### ACTIVITY
The answer should be a single number, the count of lines in this material that contain "shows".

### DATA IN THIS EXERCISE
lemma divides_add_powers:
  assumes "g \<in> N" "y \<in> N" "divides N f y y'" "m \<le> n"
  shows "divides N f (f (nsmul f z m g) y) (f (nsmul f z n g) y')"
proof -
  obtain c where c: "c \<in> N" "y' = f y c"
    using assms(3) unfolding divides_def by blast
  obtain d where d: "n = m + d"
    using assms(4) le_Suc_ex by blast
  have "f (nsmul f z n g) y' = f (f (nsmul f z m g) (nsmul f z d g)) (f y c)"
    using assms(1) c d nsmul_add by simp
  also have "\<dots> = f (f (nsmul f z m g) y) (f (nsmul f z d g) c)"
    using binoid_swap nsmul_closed assms(1,2) c(1) by simp
  finally show ?thesis
    unfolding divides_def using binoid_closed nsmul_closed assms(1) c(1) by blast
qed

lemma gen_monoid_subset: "G \<subseteq> N \<Longrightarrow> gen_monoid f z G \<subseteq> N"
proof
  show "x \<in> N" if "G \<subseteq> N" "x \<in> gen_monoid f z G" for x
    using that(2,1)
    by (induction rule: gen_monoid.induct) (auto simp: binoid_zero_closed binoid_closed)
qed

lemma gen_monoid_empty: "x \<in> gen_monoid f z {} \<Longrightarrow> x = z"
  by (induction rule: gen_monoid.induct) (simp_all add: binoid_zero_left binoid_zero_closed)

lemma gen_monoid_insert_decomp:
  assumes "insert g G \<subseteq> N" "x \<in> gen_monoid f z (insert g G)"
  obtains n y where "y \<in> gen_monoid f z G" "x = f (nsmul f z n g) y"
proof -
  have gN: "g \<in> N" and GN: "G \<subseteq> N"
    using assms(1) by auto
  have "\<exists>n. \<exists>y\<in>gen_monoid f z G. x = f (nsmul f z n g) y"
    using assms(2)
  proof (induction rule: gen_monoid.induct)
    case gen_zero
    show ?case
      using binoid_zero_left binoid_zero_closed gen_monoid.gen_zero nsmul_0 by metis
  next
    case (gen_base h)
    then consider "h = g" | "h \<in> G" by blast
    then show ?case
    proof cases
      case 1
      then show ?thesis
        using gN nsmul_1 binoid_zero_right gen_monoid.gen_zero by metis
    next
      case 2
      then show ?thesis
        using GN nsmul_0 binoid_zero_left gen_monoid.gen_base by (metis subsetD)
    qed
  next
    case (gen_add a b)
    then obtain n1 y1 n2 y2 where
      h: "y1 \<in> gen_monoid f z G" "a = f (nsmul f z n1 g) y1"
        "y2 \<in> gen_monoid f z G" "b = f (nsmul f z n2 g) y2"
      by blast
    have "y1 \<in> N" "y2 \<in> N"
      using h(1,3) gen_monoid_subset[OF GN] by blast+
    then have "f a b = f (nsmul f z (n1 + n2) g) (f y1 y2)"
      unfolding h(2,4) nsmul_add[OF gN] using binoid_swap nsmul_closed gN by simp
    then show ?case
      using gen_monoid.gen_add[OF h(1,3)] by blast
  qed
  then show thesis using that by blast
qed

lemma dickson_divides_subseq:
  assumes "finite G" "G \<subseteq> N" "\<And>i. x i \<in> gen_monoid f z G"
  shows "\<exists>\<phi> :: nat \<Rightarrow> nat. strict_mono \<phi> \<and> (\<forall>i j. i \<le> j \<longrightarrow> divides N f (x (\<phi> i)) (x (\<phi> j)))"
  using assms
proof (induction G arbitrary: x rule: finite_induct)
  case empty
  then have "\<And>i. x i = z"
    using gen_monoid_empty by blast
  then have "divides N f (x i) (x j)" for i j
    unfolding divides_def using binoid_zero_closed binoid_zero_left by metis
  then show ?case
    by (intro exI[of _ id]) (simp add: strict_mono_def)
next
  case (insert g G)
  have gN: "g \<in> N" and GN: "G \<subseteq> N"
    using insert.prems by auto
  have "\<exists>n y. y \<in> gen_monoid f z G \<and> x i = f (nsmul f z n g) y" for i
  proof -
    obtain n y where "y \<in> gen_monoid f z G" "x i = f (nsmul f z n g) y"
      using gen_monoid_insert_decomp[OF insert.prems(1,2)] .
    then show ?thesis by blast
  qed
  then have "\<exists>n. \<forall>i. \<exists>y. y \<in> gen_monoid f z G \<and> x i = f (nsmul f z (n i) g) y"
    by (intro choice allI)
  then obtain n where "\<forall>i. \<exists>y. y \<in> gen_monoid f z G \<and> x i = f (nsmul f z (n i) g) y"
    by blast
  then have "\<exists>y. \<forall>i. y i \<in> gen_monoid f z G \<and> x i = f (nsmul f z (n i) g) (y i)"
    by (rule choice)
  then obtain y where ny: "\<And>i. y i \<in> gen_monoid f z G" "\<And>i. x i = f (nsmul f z (n i) g) (y i)"
    by blast
  obtain \<phi> :: "nat \<Rightarrow> nat"
    where \<phi>: "strict_mono \<phi>" "\<And>i j. i \<le> j \<Longrightarrow> divides N f (y (\<phi> i)) (y (\<phi> j))"
    using insert.IH[where x = y, OF GN ny(1)] by blast
  obtain \<psi> where \<psi>: "strict_mono \<psi>" "incseq (n \<circ> \<phi> \<circ> \<psi>)"
    by (rule nat_seq_incseq_subseq[of "n \<circ> \<phi>"])
  have "divides N f (x (\<phi> (\<psi> i))) (x (\<phi> (\<psi> j)))" if "i \<le> j" for i j
    unfolding ny(2)
  proof (rule divides_add_powers[OF gN])
    show "y (\<phi> (\<psi> i)) \<in> N"
      using gen_monoid_subset[OF GN] ny(1) by blast
    show "divides N f (y (\<phi> (\<psi> i))) (y (\<phi> (\<psi> j)))"
      using \<phi>(2) \<psi>(1) that by (simp add: strict_mono_less_eq)
    show "n (\<phi> (\<psi> i)) \<le> n (\<phi> (\<psi> j))"
      using \<psi>(2) that by (simp add: incseq_def)
  qed
  moreover have "strict_mono (\<phi> \<circ> \<psi>)"
    using \<phi>(1) \<psi>(1) by (simp add: strict_mono_def)
  ultimately show ?case
    by (intro exI[of _ "\<phi> \<circ> \<psi>"]) (simp add: comp_def)
qed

### TASK OUTPUT
2